lemma state_sol_positive:
  assumes sa: "standing_assms p" and ad: "admissible p u" and ss: "state_sol p u s e i j"
    and t: "t \<in> {0..horizon p}"
  shows "s t > 0 \<and> e t > 0 \<and> i t > 0 \<and> j t > 0"
proof (rule ccontr)
  assume neg: "\<not> ?thesis"
  define T where "T = horizon p"
  define fs where "fs = (\<lambda>t. - incid p (u t) (s t) (i t) (j t))"
  define fe where "fe = (\<lambda>t. incid p (u t) (s t) (i t) (j t) - gam p * e t)"
  define fi where "fi = (\<lambda>t. sig1 p * gam p * e t - rho1 p * i t)"
  define fj where "fj = (\<lambda>t. sig2 p * gam p * e t - rho2 p * j t)"
  have I: "fs integrable_on {0..T}" "fe integrable_on {0..T}"
    "fi integrable_on {0..T}" "fj integrable_on {0..T}"
    and E: "\<forall>t\<in>{0..T}. s t = s0 p + integral {0..t} fs" "\<forall>t\<in>{0..T}. e t = e0 p + integral {0..t} fe"
    "\<forall>t\<in>{0..T}. i t = i0 p + integral {0..t} fi" "\<forall>t\<in>{0..T}. j t = j0 p + integral {0..t} fj"
    using ss unfolding state_sol_def Let_def fs_def fe_def fi_def fj_def T_def by auto
  define m where "m \<tau> = min (min (s \<tau>) (e \<tau>)) (min (i \<tau>) (j \<tau>))" for \<tau>
  have "continuous_on {0..T} m"
    unfolding m_def T_def by (intro continuous_on_min state_sol_continuous[OF ss])
  moreover have "m 0 > 0"
    using E sa by (auto simp: m_def standing_assms_def T_def)
  moreover have "t \<in> {0..T}"
    using t by (simp add: T_def)
  moreover have "m t \<le> 0"
    using neg by (auto simp: m_def)
  ultimately obtain t1 where t1: "t1 \<in> {0<..T}" "m t1 = 0" "\<forall>\<tau>\<in>{0..<t1}. m \<tau> > 0"
    by (rule continuous_first_zero)
  have before: "s \<tau> > 0 \<and> e \<tau> > 0 \<and> i \<tau> > 0 \<and> j \<tau> > 0" if "\<tau> \<in> {0..<t1}" for \<tau>
    using t1(3) that by (auto simp: m_def)
  have nonneg: "0 \<le> s \<tau> \<and> 0 \<le> e \<tau> \<and> 0 \<le> i \<tau> \<and> 0 \<le> j \<tau>" if "\<tau> \<in> {0..t1}" for \<tau>
    using before[of \<tau>] t1(2) that by (cases "\<tau> = t1") (auto simp: m_def)
  obtain K where "K \<ge> 0" and incid_le:
    "\<And>\<tau>. \<tau> \<in> {0..horizon p} \<Longrightarrow> 0 \<le> s \<tau> \<Longrightarrow> 0 \<le> i \<tau> \<Longrightarrow> 0 \<le> j \<tau> \<Longrightarrow>
      0 \<le> incid p (u \<tau>) (s \<tau>) (i \<tau>) (j \<tau>) \<and> incid p (u \<tau>) (s \<tau>) (i \<tau>) (j \<tau>) \<le> K * s \<tau>"
    using state_sol_incid_bound[OF sa ad ss] by blast
  have incid: "0 \<le> incid p (u \<tau>) (s \<tau>) (i \<tau>) (j \<tau>) \<and> incid p (u \<tau>) (s \<tau>) (i \<tau>) (j \<tau>) \<le> K * s \<tau>"
    if "\<tau> \<in> {0..t1}" for \<tau>
    using incid_le[of \<tau>] nonneg[OF that] that t1(1) by (auto simp: T_def)
  have decay: "\<forall>\<tau>\<in>{0..t1}. fs \<tau> \<ge> - K * s \<tau>" "\<forall>\<tau>\<in>{0..t1}. fe \<tau> \<ge> - gam p * e \<tau>"
    "\<forall>\<tau>\<in>{0..t1}. fi \<tau> \<ge> - rho1 p * i \<tau>" "\<forall>\<tau>\<in>{0..t1}. fj \<tau> \<ge> - rho2 p * j \<tau>"
    using incid nonneg sa by (auto simp: fs_def fe_def fi_def fj_def standing_assms_def)
  have nonzero: "x t1 \<noteq> 0"
    if "g integrable_on {0..T}" "\<forall>\<tau>\<in>{0..T}. x \<tau> = x0 + integral {0..\<tau>} g" "c \<ge> 0"
      "\<forall>\<tau>\<in>{0..t1}. g \<tau> \<ge> - c * x \<tau>" "\<forall>\<tau>\<in>{0..<t1}. x \<tau> > 0"
    for x g :: "real \<Rightarrow> real" and c x0
  proof (rule linear_decay_bound_nonzero[of g 0 t1 x x0 c])
    show "g integrable_on {0..t1}"
      using t1 by (intro integrable_subinterval_real[OF that(1)]) auto
  qed (use that t1 in auto)
  have "s t1 \<noteq> 0" "e t1 \<noteq> 0" "i t1 \<noteq> 0" "j t1 \<noteq> 0"
    using nonzero[OF I(1) E(1) \<open>K \<ge> 0\<close> decay(1)] nonzero[OF I(2) E(2) _ decay(2)]
      nonzero[OF I(3) E(3) _ decay(3)] nonzero[OF I(4) E(4) _ decay(4)] before sa
    by (auto simp: standing_assms_def)
  then show False
    using t1(2) by (simp add: m_def min_def split: if_splits)
qed

lemma hamiltonian_quadratic_in_control:
  "hamiltonian p S E I J P1 P2 P3 P4 v
     = hamiltonian p S E I J P1 P2 P3 P4 0 + B_star p S I J P1 P2 * v - A_star p S I P1 P2 * v\<^sup>2"
  unfolding hamiltonian_def A_star_def B_star_def incid_def
  by (simp add: power2_eq_square algebra_simps)

lemma concave_quadratic_maximizer:
  fixes a b um w :: real
  assumes a: "a > 0" and b: "b > 0" and um: "um > 0" and w: "w \<in> {0..um}"
    and max: "\<forall>v\<in>{0..um}. b * v - a * v\<^sup>2 \<le> b * w - a * w\<^sup>2"
  shows "w > 0 \<and> (w = 0.5 * b / a \<or> w = um)"
proof -
  define l where "l = 0.5 * b / a"
  have "l > 0"
    using a b by (simp add: l_def)
  have gain: "b * v - a * v\<^sup>2 - (b * w - a * w\<^sup>2) = a * (v - w) * (2 * l - v - w)" for v
    using a by (simp add: l_def power2_eq_square field_simps)
  have "min um l \<le> w"
  proof (rule ccontr)
    assume "\<not> min um l \<le> w"
    then have "a * (min um l - w) * (2 * l - min um l - w) > 0"
      using a by (intro mult_pos_pos) auto
    moreover have "b * min um l - a * (min um l)\<^sup>2 \<le> b * w - a * w\<^sup>2"
      using max um \<open>l > 0\<close> by simp
    ultimately show False
      using gain[of "min um l"] by linarith
  qed
  moreover have "w \<le> l"
  proof (rule ccontr)
    assume "\<not> w \<le> l"
    have "a * (l - w) * (2 * l - l - w) = a * (w - l)\<^sup>2"
      by (simp add: power2_eq_square algebra_simps)
    moreover have "a * (w - l)\<^sup>2 > 0"
      using a \<open>\<not> w \<le> l\<close> by simp
    moreover have "b * l - a * l\<^sup>2 \<le> b * w - a * w\<^sup>2"
      using max w \<open>l > 0\<close> \<open>\<not> w \<le> l\<close> by simp
    ultimately show False
      using gain[of l] by linarith
  qed
  ultimately show ?thesis
    using w um \<open>l > 0\<close> by (auto simp: l_def min_def split: if_splits)
qed

theorem lemma3:
  fixes p :: params and u s e i j \<psi>1 \<psi>2 \<psi>3 \<psi>4 :: "real \<Rightarrow> real"
  assumes "standing_assms p"
    and "alpha1 p > 0" and "umax p > 0"
    and "optimal p u s e i j"
    and "adjoint_sol p u s i j \<psi>1 \<psi>2 \<psi>3 \<psi>4"
    and "\<forall>t\<in>{0..horizon p}. \<forall>v\<in>{0..umax p}.
           hamiltonian p (s t) (e t) (i t) (j t) (\<psi>1 t) (\<psi>2 t) (\<psi>3 t) (\<psi>4 t) v
           \<le> hamiltonian p (s t) (e t) (i t) (j t) (\<psi>1 t) (\<psi>2 t) (\<psi>3 t) (\<psi>4 t) (u t)"
  shows "u (horizon p) > 0 \<and>
         A_star p (s (horizon p)) (i (horizon p)) (\<psi>1 (horizon p)) (\<psi>2 (horizon p)) \<noteq> 0 \<and>
         (u (horizon p) = lambda_star p (s (horizon p)) (i (horizon p)) (j (horizon p))
                            (\<psi>1 (horizon p)) (\<psi>2 (horizon p))
          \<or> u (horizon p) = umax p)"
proof -
  define T where "T = horizon p"
  define A where "A = A_star p (s T) (i T) (\<psi>1 T) (\<psi>2 T)"
  define B where "B = B_star p (s T) (i T) (j T) (\<psi>1 T) (\<psi>2 T)"
  define H where "H = hamiltonian p (s T) (e T) (i T) (j T) (\<psi>1 T) (\<psi>2 T) (\<psi>3 T) (\<psi>4 T)"
  have ad: "admissible p u" and T: "T \<in> {0..T}"
    using assms(1,4) by (auto simp: optimal_def standing_assms_def T_def)
  have "s T > 0" "i T > 0" "j T > 0"
    using state_sol_positive[OF assms(1) ad _ T[unfolded T_def]] assms(4)
    by (auto simp: optimal_def T_def)
  moreover have "\<psi>1 T - \<psi>2 T = alpha1 p"
    using assms(5) by (simp add: adjoint_sol_def Let_def T_def)
  ultimately have "A > 0" "B > 0"
    using assms(1,2)
    by (auto simp: A_def B_def A_star_def B_star_def standing_assms_def intro!: add_pos_pos mult_pos_pos)
  have quadratic: "H v = H 0 + B * v - A * v\<^sup>2" for v
    unfolding H_def A_def B_def by (rule hamiltonian_quadratic_in_control)
  have "\<forall>v\<in>{0..umax p}. B * v - A * v\<^sup>2 \<le> B * u T - A * (u T)\<^sup>2"
  proof
    fix v assume "v \<in> {0..umax p}"
    then have "H v \<le> H (u T)"
      using assms(6) T unfolding H_def T_def by blast
    then show "B * v - A * v\<^sup>2 \<le> B * u T - A * (u T)\<^sup>2"
      using quadratic[of v] quadratic[of "u T"] by linarith
  qed
  with \<open>A > 0\<close> \<open>B > 0\<close> assms(3) ad T show ?thesis
    using concave_quadratic_maximizer[of A B "umax p" "u T"]
    by (auto simp: admissible_def A_def B_def T_def lambda_star_def)
qed

end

● ● ● ● ●

PROBLEM: Which lines above contain the word "close"? Copy each of them.

WRITTEN REPLY:
    using nonzero[OF I(1) E(1) \<open>K \<ge> 0\<close> decay(1)] nonzero[OF I(2) E(2) _ decay(2)]
      using max um \<open>l > 0\<close> by simp
      using a \<open>\<not> w \<le> l\<close> by simp
      using max w \<open>l > 0\<close> \<open>\<not> w \<le> l\<close> by simp
    using w um \<open>l > 0\<close> by (auto simp: l_def min_def split: if_splits)
  with \<open>A > 0\<close> \<open>B > 0\<close> assms(3) ad T show ?thesis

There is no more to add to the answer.